“The Clay Brick House”

21. Sept. 6pm Exhibition and Conference:


“The Project Clay Brick House in Meissen, Germany”

by Prof. Dr. Wolfram Jäger, Dresden and Stern Zürn Architekten, Basel

A clay brick house with load-bearing but from the outside hidden clay walls and a weather protection made of wood. A house with construction rules derived from the load-bearing capacity of clay , which requires strict symmetry. The ambivalence in expression was solved by means of flaps or window frames that quasi visually transport the clay to the outside.

The structure of the two-family and multigenerational house consists of load-bearing clay walls on which concrete floors are supported. This is intended to demonstrate a broad application for multi-family housing; other ceilings, such as a wood ceiling, would also be possible.

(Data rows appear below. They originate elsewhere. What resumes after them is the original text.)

(* Let $(M,g)$ be a semi-regular semi-Riemannian manifold with Riemann curvature $R$. For all $X,Y,Z,T\in\mathfrak X(M)$: (1) $R(X,Y,Z,T)=-R(Y,X,Z,T)$; (2) $R(X,Y,Z,T)=-R(X,Y,T,Z)$; (3) $R(Y,Z,X,T)+R(Z,X,Y,T)+R(X,Y,Z,T)=0$; (4) $R(X,Y,Z,T)=R(Z,T,X,Y)$.
   Context: $(M,g)$: smooth manifold with smooth symmetric, possibly degenerate, bilinear form $g$ on $TM$ (variable signature allowed). $u^\flat(v)=g(u,v)$; $T^\bullet_pM=\{u^\flat:u\in T_pM\}$ with nondegenerate inner product $\langle\langle u^\flat,v^\flat\rangle\rangle=g(u,v)$; $\mathcal A^\bullet(M)$ = smooth $1$-forms valued in $T^\bullet_pM$. Koszul form $\mathcal K(X,Y,Z)=\tfrac12\{Xg(Y,Z)+Yg(Z,X)-Zg(X,Y)-g(X,[Y,Z])+g(Y,[Z,X])+g(Z,[X,Y])\}$; $\nabla^\flat_XY:=\mathcal K(X,Y,\cdot)$. If $\nabla^\flat_XY\in\mathcal A^\bullet(M)$ for all $X,Y$ (radical-stationary), define for $\omega\in\mathcal A^\bullet(M)$: $(\nabla_X\omega)(Y)=X(\omega(Y))-\langle\langle\nabla^\flat_XY,\omega\rangle\rangle$. $(M,g)$ is semi-regular if it is radical-stationary and $\nabla_Z(\nabla^\flat_XY)\in\mathcal A^\bullet(M)$ (in particular smooth) for all $X,Y,Z$. Riemann curvature: $R(X,Y,Z,T)=(\nabla_X(\nabla^\flat_YZ))(T)-(\nabla_Y(\nabla^\flat_XZ))(T)-(\nabla^\flat_{[X,Y]}Z)(T)$. *)

theory Defs
  imports "HOL-Analysis.Analysis"
begin

coinductive Cinf :: "'e::euclidean_space set \<Rightarrow> ('e \<Rightarrow> real) \<Rightarrow> bool" for S where
  Cinf_intro: "(\<forall>x\<in>S. f differentiable (at x)) \<Longrightarrow>
     (\<forall>v. Cinf S (\<lambda>x. frechet_derivative f (at x) v)) \<Longrightarrow> Cinf S f"

definition Cinf_map :: "'e::euclidean_space set \<Rightarrow> ('e \<Rightarrow> 'e) \<Rightarrow> bool" where
  "Cinf_map S F \<longleftrightarrow> (\<forall>b\<in>Basis. Cinf S (\<lambda>x. F x \<bullet> b))"

definition smooth_manifold ::
  "'p topology \<Rightarrow> ('p set \<times> ('p \<Rightarrow> 'e::euclidean_space)) set \<Rightarrow> bool" where
  "smooth_manifold MT A \<longleftrightarrow>
     Hausdorff_space MT \<and> second_countable MT \<and> topspace MT = \<Union>(fst ` A) \<and>
     (\<forall>(U,\<phi>)\<in>A. openin MT U \<and> open (\<phi> ` U) \<and>
        homeomorphic_map (subtopology MT U) (top_of_set (\<phi> ` U)) \<phi>) \<and>
     (\<forall>(U,\<phi>)\<in>A. \<forall>(V,\<psi>)\<in>A. Cinf_map (\<phi> ` (U \<inter> V)) (\<psi> \<circ> inv_into U \<phi>))"

text \<open>Smooth real functions on M (made extensional: zero outside M).\<close>
definition smooth_fun ::
  "'p topology \<Rightarrow> ('p set \<times> ('p \<Rightarrow> 'e::euclidean_space)) set \<Rightarrow> ('p \<Rightarrow> real) \<Rightarrow> bool" where
  "smooth_fun MT A f \<longleftrightarrow> (\<forall>p. p \<notin> topspace MT \<longrightarrow> f p = 0) \<and>
     (\<forall>(U,\<phi>)\<in>A. Cinf (\<phi> ` U) (f \<circ> inv_into U \<phi>))"

type_synonym 'p vfield = "('p \<Rightarrow> real) \<Rightarrow> ('p \<Rightarrow> real)"

text \<open>Smooth vector fields, as derivations of the algebra of smooth functions
  (made extensional: zero on non-smooth arguments).\<close>
definition vector_field ::
  "'p topology \<Rightarrow> ('p set \<times> ('p \<Rightarrow> 'e::euclidean_space)) set \<Rightarrow> 'p vfield \<Rightarrow> bool" where
  "vector_field MT A X \<longleftrightarrow>
     (\<forall>f. \<not> smooth_fun MT A f \<longrightarrow> X f = (\<lambda>_. 0)) \<and>
     (\<forall>f. smooth_fun MT A f \<longrightarrow> smooth_fun MT A (X f)) \<and>
     (\<forall>f h a b. smooth_fun MT A f \<and> smooth_fun MT A h \<longrightarrow>
        X (\<lambda>p. a * f p + b * h p) = (\<lambda>p. a * X f p + b * X h p)) \<and>
     (\<forall>f h. smooth_fun MT A f \<and> smooth_fun MT A h \<longrightarrow>
        X (\<lambda>p. f p * h p) = (\<lambda>p. f p * X h p + h p * X f p))"

definition vf_comb :: "('p \<Rightarrow> real) \<Rightarrow> 'p vfield \<Rightarrow> ('p \<Rightarrow> real) \<Rightarrow> 'p vfield \<Rightarrow> 'p vfield" where
  "vf_comb f X h Y = (\<lambda>u p. f p * X u p + h p * Y u p)"

definition lie :: "'p vfield \<Rightarrow> 'p vfield \<Rightarrow> 'p vfield" where
  "lie X Y = (\<lambda>u p. X (Y u) p - Y (X u) p)"

text \<open>A smooth symmetric, possibly degenerate, bilinear form on TM, given as a
  symmetric C-infinity(M)-bilinear map from pairs of vector fields to smooth functions.\<close>
definition sym_bilinear_form ::
  "'p topology \<Rightarrow> ('p set \<times> ('p \<Rightarrow> 'e::euclidean_space)) set \<Rightarrow>
   ('p vfield \<Rightarrow> 'p vfield \<Rightarrow> 'p \<Rightarrow> real) \<Rightarrow> bool" where
  "sym_bilinear_form MT A g \<longleftrightarrow>
     (\<forall>X Y. vector_field MT A X \<and> vector_field MT A Y \<longrightarrow>
        smooth_fun MT A (g X Y) \<and> g X Y = g Y X) \<and>
     (\<forall>X Y Z f h. vector_field MT A X \<and> vector_field MT A Y \<and> vector_field MT A Z \<and>
        smooth_fun MT A f \<and> smooth_fun MT A h \<longrightarrow>
        g (vf_comb f X h Y) Z = (\<lambda>p. f p * g X Z p + h p * g Y Z p))"

text \<open>Koszul form; nabla-flat_X Y := K(X,Y,.)\<close>
definition koszul ::
  "('p vfield \<Rightarrow> 'p vfield \<Rightarrow> 'p \<Rightarrow> real) \<Rightarrow> 'p vfield \<Rightarrow> 'p vfield \<Rightarrow> 'p vfield \<Rightarrow> 'p \<Rightarrow> real" where
  "koszul g X Y Z = (\<lambda>p. (1/2) * (X (g Y Z) p + Y (g Z X) p - Z (g X Y) p
      - g X (lie Y Z) p + g Y (lie Z X) p + g Z (lie X Y) p))"

text \<open>A 1-form (a map from vector fields to functions) lies in A-bullet(M): it is
  smooth, C-infinity(M)-linear, and at each point p its value is u-flat for some
  tangent vector u at p (represented as the value at p of a vector field).\<close>
definition Abullet ::
  "'p topology \<Rightarrow> ('p set \<times> ('p \<Rightarrow> 'e::euclidean_space)) set \<Rightarrow>
   ('p vfield \<Rightarrow> 'p vfield \<Rightarrow> 'p \<Rightarrow> real) \<Rightarrow> ('p vfield \<Rightarrow> 'p \<Rightarrow> real) \<Rightarrow> bool" where
  "Abullet MT A g \<omega> \<longleftrightarrow>
     (\<forall>Z. vector_field MT A Z \<longrightarrow> smooth_fun MT A (\<omega> Z)) \<and>
     (\<forall>Z W f h. vector_field MT A Z \<and> vector_field MT A W \<and>
        smooth_fun MT A f \<and> smooth_fun MT A h \<longrightarrow>
        \<omega> (vf_comb f Z h W) = (\<lambda>p. f p * \<omega> Z p + h p * \<omega> W p)) \<and>
     (\<forall>p\<in>topspace MT. \<exists>U. vector_field MT A U \<and>
        (\<forall>Z. vector_field MT A Z \<longrightarrow> \<omega> Z p = g U Z p))"

definition flat_rep ::
  "'p topology \<Rightarrow> ('p set \<times> ('p \<Rightarrow> 'e::euclidean_space)) set \<Rightarrow>
   ('p vfield \<Rightarrow> 'p vfield \<Rightarrow> 'p \<Rightarrow> real) \<Rightarrow> ('p vfield \<Rightarrow> 'p \<Rightarrow> real) \<Rightarrow> 'p \<Rightarrow> 'p vfield" where
  "flat_rep MT A g \<omega> p = (SOME U. vector_field MT A U \<and>
      (\<forall>Z. vector_field MT A Z \<longrightarrow> \<omega> Z p = g U Z p))"

text \<open>The inner product on T-bullet: << u-flat, v-flat >> = g(u,v), pointwise.\<close>
definition bullet_inner ::
  "'p topology \<Rightarrow> ('p set \<times> ('p \<Rightarrow> 'e::euclidean_space)) set \<Rightarrow>
   ('p vfield \<Rightarrow> 'p vfield \<Rightarrow> 'p \<Rightarrow> real) \<Rightarrow> ('p vfield \<Rightarrow> 'p \<Rightarrow> real) \<Rightarrow>
   ('p vfield \<Rightarrow> 'p \<Rightarrow> real) \<Rightarrow> 'p \<Rightarrow> real" where
  "bullet_inner MT A g \<omega> \<tau> = (\<lambda>p. if p \<in> topspace MT
      then g (flat_rep MT A g \<omega> p) (flat_rep MT A g \<tau> p) p else 0)"

definition nabla_form ::
  "'p topology \<Rightarrow> ('p set \<times> ('p \<Rightarrow> 'e::euclidean_space)) set \<Rightarrow>
   ('p vfield \<Rightarrow> 'p vfield \<Rightarrow> 'p \<Rightarrow> real) \<Rightarrow> 'p vfield \<Rightarrow> ('p vfield \<Rightarrow> 'p \<Rightarrow> real) \<Rightarrow>
   'p vfield \<Rightarrow> 'p \<Rightarrow> real" where
  "nabla_form MT A g X \<omega> Y = (\<lambda>p. X (\<omega> Y) p - bullet_inner MT A g (koszul g X Y) \<omega> p)"

definition radical_stationary ::
  "'p topology \<Rightarrow> ('p set \<times> ('p \<Rightarrow> 'e::euclidean_space)) set \<Rightarrow>
   ('p vfield \<Rightarrow> 'p vfield \<Rightarrow> 'p \<Rightarrow> real) \<Rightarrow> bool" where
  "radical_stationary MT A g \<longleftrightarrow>
     (\<forall>X Y. vector_field MT A X \<and> vector_field MT A Y \<longrightarrow> Abullet MT A g (koszul g X Y))"

definition semi_regular ::
  "'p topology \<Rightarrow> ('p set \<times> ('p \<Rightarrow> 'e::euclidean_space)) set \<Rightarrow>
   ('p vfield \<Rightarrow> 'p vfield \<Rightarrow> 'p \<Rightarrow> real) \<Rightarrow> bool" where
  "semi_regular MT A g \<longleftrightarrow> radical_stationary MT A g \<and>
     (\<forall>X Y Z. vector_field MT A X \<and> vector_field MT A Y \<and> vector_field MT A Z \<longrightarrow>
        Abullet MT A g (nabla_form MT A g Z (koszul g X Y)))"

definition riemann ::
  "'p topology \<Rightarrow> ('p set \<times> ('p \<Rightarrow> 'e::euclidean_space)) set \<Rightarrow>
   ('p vfield \<Rightarrow> 'p vfield \<Rightarrow> 'p \<Rightarrow> real) \<Rightarrow> 'p vfield \<Rightarrow> 'p vfield \<Rightarrow> 'p vfield \<Rightarrow> 'p vfield \<Rightarrow> 'p \<Rightarrow> real" where
  "riemann MT A g X Y Z T = (\<lambda>p. nabla_form MT A g X (koszul g Y Z) T p
      - nabla_form MT A g Y (koszul g X Z) T p - koszul g (lie X Y) Z T p)"

end

theory Submission
  imports Defs
begin

(* The curvature is expressed through the Koszul form K alone:
   R(X,Y,Z,T) = X K(Y,Z,T) - <<K(X,T,-), K(Y,Z,-)>> - Y K(X,Z,T) + <<K(Y,T,-), K(X,Z,-)>> - K([X,Y],Z,T).
   Two identities of K do all the work: K(X,Y,Z) + K(X,Z,Y) = X g(Y,Z) (metric) and
   K(X,Y,Z) - K(Y,X,Z) = g([X,Y],Z) (torsion-free), together with the symmetry of <<-,->> and
   <<omega, W-flat>> = omega(W). Antisymmetry in X,Y is that of the bracket; antisymmetry in Z,T is
   the metric identity; in the cyclic sum the torsion identity turns the terms differentiated by X
   into g([X,[Y,Z]],T), so the sum vanishes by the Jacobi identity; pair symmetry is the usual
   algebraic consequence of the first three. *)

(* The derivative of a product is a sum of products, so closure of Cinf S under sums and products
   is proved by coinduction up to the algebra generated by Cinf S. *)
inductive Cinf_alg :: "'e::euclidean_space set \<Rightarrow> ('e \<Rightarrow> real) \<Rightarrow> bool" for S where
  Cinf_alg_Cinf: "Cinf S f \<Longrightarrow> Cinf_alg S f"
| Cinf_alg_add: "Cinf_alg S f \<Longrightarrow> Cinf_alg S h \<Longrightarrow> Cinf_alg S (\<lambda>x. f x + h x)"
| Cinf_alg_mult: "Cinf_alg S f \<Longrightarrow> Cinf_alg S h \<Longrightarrow> Cinf_alg S (\<lambda>x. f x * h x)"
| Cinf_alg_cong: "Cinf_alg S f \<Longrightarrow> (\<And>x. x \<in> S \<Longrightarrow> h x = f x) \<Longrightarrow> Cinf_alg S h"

lemma Cinf_alg_derivative:
  assumes "open S" and "Cinf_alg S f"
  shows "(\<forall>x\<in>S. f differentiable (at x)) \<and> (\<forall>v. Cinf_alg S (\<lambda>x. frechet_derivative f (at x) v))"
  using assms(2)
proof induction
  case (Cinf_alg_Cinf f)
  then show ?case by (auto elim: Cinf.cases intro: Cinf_alg.Cinf_alg_Cinf)
next
  case (Cinf_alg_add f h)
  have "frechet_derivative (\<lambda>x. f x + h x) (at x) v
      = frechet_derivative f (at x) v + frechet_derivative h (at x) v" if "x \<in> S" for x v
  proof -
    have "((\<lambda>x. f x + h x) has_derivative
        (\<lambda>v. frechet_derivative f (at x) v + frechet_derivative h (at x) v)) (at x)"
      using Cinf_alg_add.IH that by (intro has_derivative_add) (auto simp: frechet_derivative_works[symmetric])
    then show ?thesis by (simp add: frechet_derivative_at[symmetric])
  qed
  moreover have "Cinf_alg S (\<lambda>x. frechet_derivative f (at x) v + frechet_derivative h (at x) v)" for v
    using Cinf_alg_add.IH by (intro Cinf_alg.Cinf_alg_add) blast+
  ultimately show ?case
    using Cinf_alg_add.IH by (auto intro: differentiable_add Cinf_alg.Cinf_alg_cong)
next
  case (Cinf_alg_mult f h)
  have "frechet_derivative (\<lambda>x. f x * h x) (at x) v
      = f x * frechet_derivative h (at x) v + frechet_derivative f (at x) v * h x" if "x \<in> S" for x v
  proof -
    have "((\<lambda>x. f x * h x) has_derivative
        (\<lambda>v. f x * frechet_derivative h (at x) v + frechet_derivative f (at x) v * h x)) (at x)"
      using Cinf_alg_mult.IH that by (intro has_derivative_mult) (auto simp: frechet_derivative_works[symmetric])
    then show ?thesis by (simp add: frechet_derivative_at[symmetric])
  qed
  moreover have
    "Cinf_alg S (\<lambda>x. f x * frechet_derivative h (at x) v + frechet_derivative f (at x) v * h x)" for v
    using Cinf_alg_mult.IH Cinf_alg_mult.hyps
    by (intro Cinf_alg.Cinf_alg_add Cinf_alg.Cinf_alg_mult) blast+
  ultimately show ?case
    using Cinf_alg_mult.IH by (auto intro: differentiable_mult Cinf_alg.Cinf_alg_cong)
next
  case (Cinf_alg_cong f h)
  have "h differentiable (at x) \<and> frechet_derivative h (at x) = frechet_derivative f (at x)"
    if "x \<in> S" for x
  proof -
    have "(f has_derivative frechet_derivative f (at x)) (at x)"
      using Cinf_alg_cong.IH that frechet_derivative_works by blast
    then have "(h has_derivative frechet_derivative f (at x)) (at x)"
      by (rule has_derivative_transform_within_open) (use assms(1) that Cinf_alg_cong.hyps(2) in auto)
    then show ?thesis
      using frechet_derivative_at differentiableI by metis
  qed
  with Cinf_alg_cong.IH show ?case
    by (auto intro: Cinf_alg.Cinf_alg_cong)
qed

The double-skin walls consist of herringbone-type sheathing as weatherboarding, additional hemp insulation, and the load-bearing clay standard bricks, which are taken from a conventional brick factory dried before firing. The energy savings should reduce the cost of this construction method in the medium term. The architecture sets itself apart from the luxury adobe buildings made of meter-thick rammed earth elements. Only the clay pockets or window frames visible to the outside give a hint of the ecological and healthy construction method inside the house from the outside.

The floor plan is based on the sequence of small and large rooms along the facade based on the permissible spans for the uniform loading of the clay walls. Inside, the clay plaster creates a warm atmosphere and regulates humidity and indoor climate, especially during the warmer summer months. The research results of the Technical University of Dresden on earthen building with a building component catalog and granted approval in individual cases are applied for the first time for the house in Meissen.

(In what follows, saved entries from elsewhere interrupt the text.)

(* Let $X$ be a Banach space such that $B_{X^*}$ is weak$^*$ sequentially compact. If $X$ contains a $\mathfrak{D}$-point, or if $X^*$ contains a weak$^*$ $\Delta$-point, then $X^*$ contains a weak$^*$ sequential super $\Delta$-point.
   Context: For $x\in S_X$ let $D(x)=\{x^*\in S_{X^*}:x^*(x)=1\}$ and $S(x^*,\varepsilon)=\{y\in B_X:x^*(y)>1-\varepsilon\}$. A point $x\in S_X$ is a $\mathfrak{D}$-point if $\sup_{y\in S(x^*,\varepsilon)}\|x-y\|=2$ for every $x^*\in D(x)$ and $\varepsilon>0$. A point $x^*\in S_{X^*}$ is a weak$^*$ $\Delta$-point if $\sup_{y^*\in S}\|x^*-y^*\|=2$ for every weak$^*$ slice $S=\{y^*\in B_{X^*}:y^*(x)>1-\varepsilon\}$ ($x\in S_X$, $\varepsilon>0$) containing $x^*$. A point $x^*\in S_{X^*}$ is a weak$^*$ sequential super $\Delta$-point if there is a sequence $(x_n^* )$ in $S_{X^*}$ converging weak$^*$ to $x^*$ with $\|x^*-x_n^*\|\to2$. *)

theory Defs
  imports "HOL-Analysis.Analysis"
begin

text \<open>The dual X* of a real Banach space X (type 'a::banach) is represented by the
  bounded linear functionals 'a \<Rightarrow> real, with the operator norm onorm.\<close>

definition dual_ball :: "('a::real_normed_vector \<Rightarrow> real) set" where
  "dual_ball = {f. bounded_linear f \<and> onorm f \<le> 1}"

definition dual_sphere :: "('a::real_normed_vector \<Rightarrow> real) set" where
  "dual_sphere = {f. bounded_linear f \<and> onorm f = 1}"

definition weak_star_tendsto ::
  "(nat \<Rightarrow> 'a::real_normed_vector \<Rightarrow> real) \<Rightarrow> ('a \<Rightarrow> real) \<Rightarrow> bool" where
  "weak_star_tendsto g f \<longleftrightarrow> (\<forall>x. (\<lambda>n. g n x) \<longlonglongrightarrow> f x)"

definition dual_ball_weak_star_seq_compact :: "'a::real_normed_vector itself \<Rightarrow> bool" where
  "dual_ball_weak_star_seq_compact _ \<longleftrightarrow>
     (\<forall>g::nat \<Rightarrow> 'a \<Rightarrow> real. (\<forall>n. g n \<in> dual_ball) \<longrightarrow>
        (\<exists>r f. strict_mono r \<and> f \<in> dual_ball \<and> weak_star_tendsto (g \<circ> r) f))"

definition Dset :: "'a::real_normed_vector \<Rightarrow> ('a \<Rightarrow> real) set" where
  "Dset x = {f \<in> dual_sphere. f x = 1}"

definition slice :: "('a::real_normed_vector \<Rightarrow> real) \<Rightarrow> real \<Rightarrow> 'a set" where
  "slice f \<epsilon> = {y. norm y \<le> 1 \<and> f y > 1 - \<epsilon>}"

40% of all CO 2 emissions come from buildings and infrastructure – concrete, brick, steel, aluminum. 70% of all new buildings are residential. Many of them made of brick. In brick buildings, 70% of the energy is used for firing the bricks. This is where the house comes in. The bricks are not fired, but dried and laid.

Similar to the Bauhaus prototypes, e.g. the Haus am Horn in Weimar or the Stahlhaus in Dessau Törten, this is a big step towards a progressive building method. These two Bauhaus buildings demonstrated that the predominant wall construction at the beginning of the 20th century, the uninsulated brick or concrete wall was a discontinued model. Today in the 21st century, the prevailing, outdated wall constructions are the double-skin fired brick or the composite thermal insulation system, which must be overcome.

The clay house is a prototypical house to reduce the ecological footprint, increase material efficiency and improve recyclability of individual materials. And this is on a large scale for the mass market at the beginning in typical housing form, the one and two-family or multigenerational house, but multi-family buildings are possible in the construction class up to 400m2 area.

The prototype house is intended to be a first building block, with many more to follow. The urgently needed revolution of building towards more sustainability in the twenty-first century is at hand!